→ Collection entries
☆ ☆ ☆
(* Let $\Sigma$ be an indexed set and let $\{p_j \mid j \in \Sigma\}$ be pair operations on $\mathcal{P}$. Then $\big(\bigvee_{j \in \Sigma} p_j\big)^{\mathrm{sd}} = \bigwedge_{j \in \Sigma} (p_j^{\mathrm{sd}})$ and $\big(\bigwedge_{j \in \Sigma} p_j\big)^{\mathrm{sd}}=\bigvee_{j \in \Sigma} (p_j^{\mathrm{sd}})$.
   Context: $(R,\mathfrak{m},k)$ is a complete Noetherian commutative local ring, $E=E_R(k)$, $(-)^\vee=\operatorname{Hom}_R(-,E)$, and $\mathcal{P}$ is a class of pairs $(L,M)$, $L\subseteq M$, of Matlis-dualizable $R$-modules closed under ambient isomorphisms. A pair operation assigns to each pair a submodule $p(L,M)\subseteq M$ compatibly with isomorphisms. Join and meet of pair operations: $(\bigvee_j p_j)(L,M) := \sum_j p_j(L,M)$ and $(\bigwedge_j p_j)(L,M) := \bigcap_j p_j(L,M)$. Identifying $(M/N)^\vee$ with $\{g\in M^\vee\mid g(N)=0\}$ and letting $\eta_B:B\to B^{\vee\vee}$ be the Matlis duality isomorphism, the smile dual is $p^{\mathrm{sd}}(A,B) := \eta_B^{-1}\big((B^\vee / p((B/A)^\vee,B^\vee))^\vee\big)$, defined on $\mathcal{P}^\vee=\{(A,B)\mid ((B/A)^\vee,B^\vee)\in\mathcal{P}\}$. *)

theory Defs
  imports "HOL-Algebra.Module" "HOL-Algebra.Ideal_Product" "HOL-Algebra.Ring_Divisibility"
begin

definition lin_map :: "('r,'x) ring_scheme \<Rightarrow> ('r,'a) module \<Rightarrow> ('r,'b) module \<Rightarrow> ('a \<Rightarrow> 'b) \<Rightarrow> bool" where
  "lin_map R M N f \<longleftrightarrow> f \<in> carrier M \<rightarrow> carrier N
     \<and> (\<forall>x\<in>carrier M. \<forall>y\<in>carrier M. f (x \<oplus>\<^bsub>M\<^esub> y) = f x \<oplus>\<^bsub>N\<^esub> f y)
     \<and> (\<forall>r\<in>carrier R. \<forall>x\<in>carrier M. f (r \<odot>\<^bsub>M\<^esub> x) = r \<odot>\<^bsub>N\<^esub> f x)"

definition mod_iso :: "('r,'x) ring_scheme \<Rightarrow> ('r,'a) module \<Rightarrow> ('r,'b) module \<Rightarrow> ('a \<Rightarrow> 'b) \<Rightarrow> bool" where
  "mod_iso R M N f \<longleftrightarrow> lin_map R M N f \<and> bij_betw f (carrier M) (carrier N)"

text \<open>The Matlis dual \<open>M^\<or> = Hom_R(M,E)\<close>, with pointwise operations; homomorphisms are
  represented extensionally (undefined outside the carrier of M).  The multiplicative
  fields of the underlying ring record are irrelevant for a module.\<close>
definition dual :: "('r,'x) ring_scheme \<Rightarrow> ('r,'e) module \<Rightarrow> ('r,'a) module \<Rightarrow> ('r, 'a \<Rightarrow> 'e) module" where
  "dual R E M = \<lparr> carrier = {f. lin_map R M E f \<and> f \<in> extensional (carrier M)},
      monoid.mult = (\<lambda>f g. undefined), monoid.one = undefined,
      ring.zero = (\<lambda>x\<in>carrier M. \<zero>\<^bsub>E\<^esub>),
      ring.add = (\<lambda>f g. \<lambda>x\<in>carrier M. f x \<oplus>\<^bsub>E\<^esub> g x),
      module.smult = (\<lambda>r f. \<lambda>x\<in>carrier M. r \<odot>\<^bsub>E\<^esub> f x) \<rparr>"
☆ ☆ ☆
→ TRY IT
All lines from the one containing "M = \<lparr>" to the end of the records, both ends included, should be printed exactly and on their own.

→ SOLUTION FOR THIS EXERCISE
  "dual R E M = \<lparr> carrier = {f. lin_map R M E f \<and> f \<in> extensional (carrier M)},
      monoid.mult = (\<lambda>f g. undefined), monoid.one = undefined,
      ring.zero = (\<lambda>x\<in>carrier M. \<zero>\<^bsub>E\<^esub>),
      ring.add = (\<lambda>f g. \<lambda>x\<in>carrier M. f x \<oplus>\<^bsub>E\<^esub> g x),
      module.smult = (\<lambda>r f. \<lambda>x\<in>carrier M. r \<odot>\<^bsub>E\<^esub> f x) \<rparr>"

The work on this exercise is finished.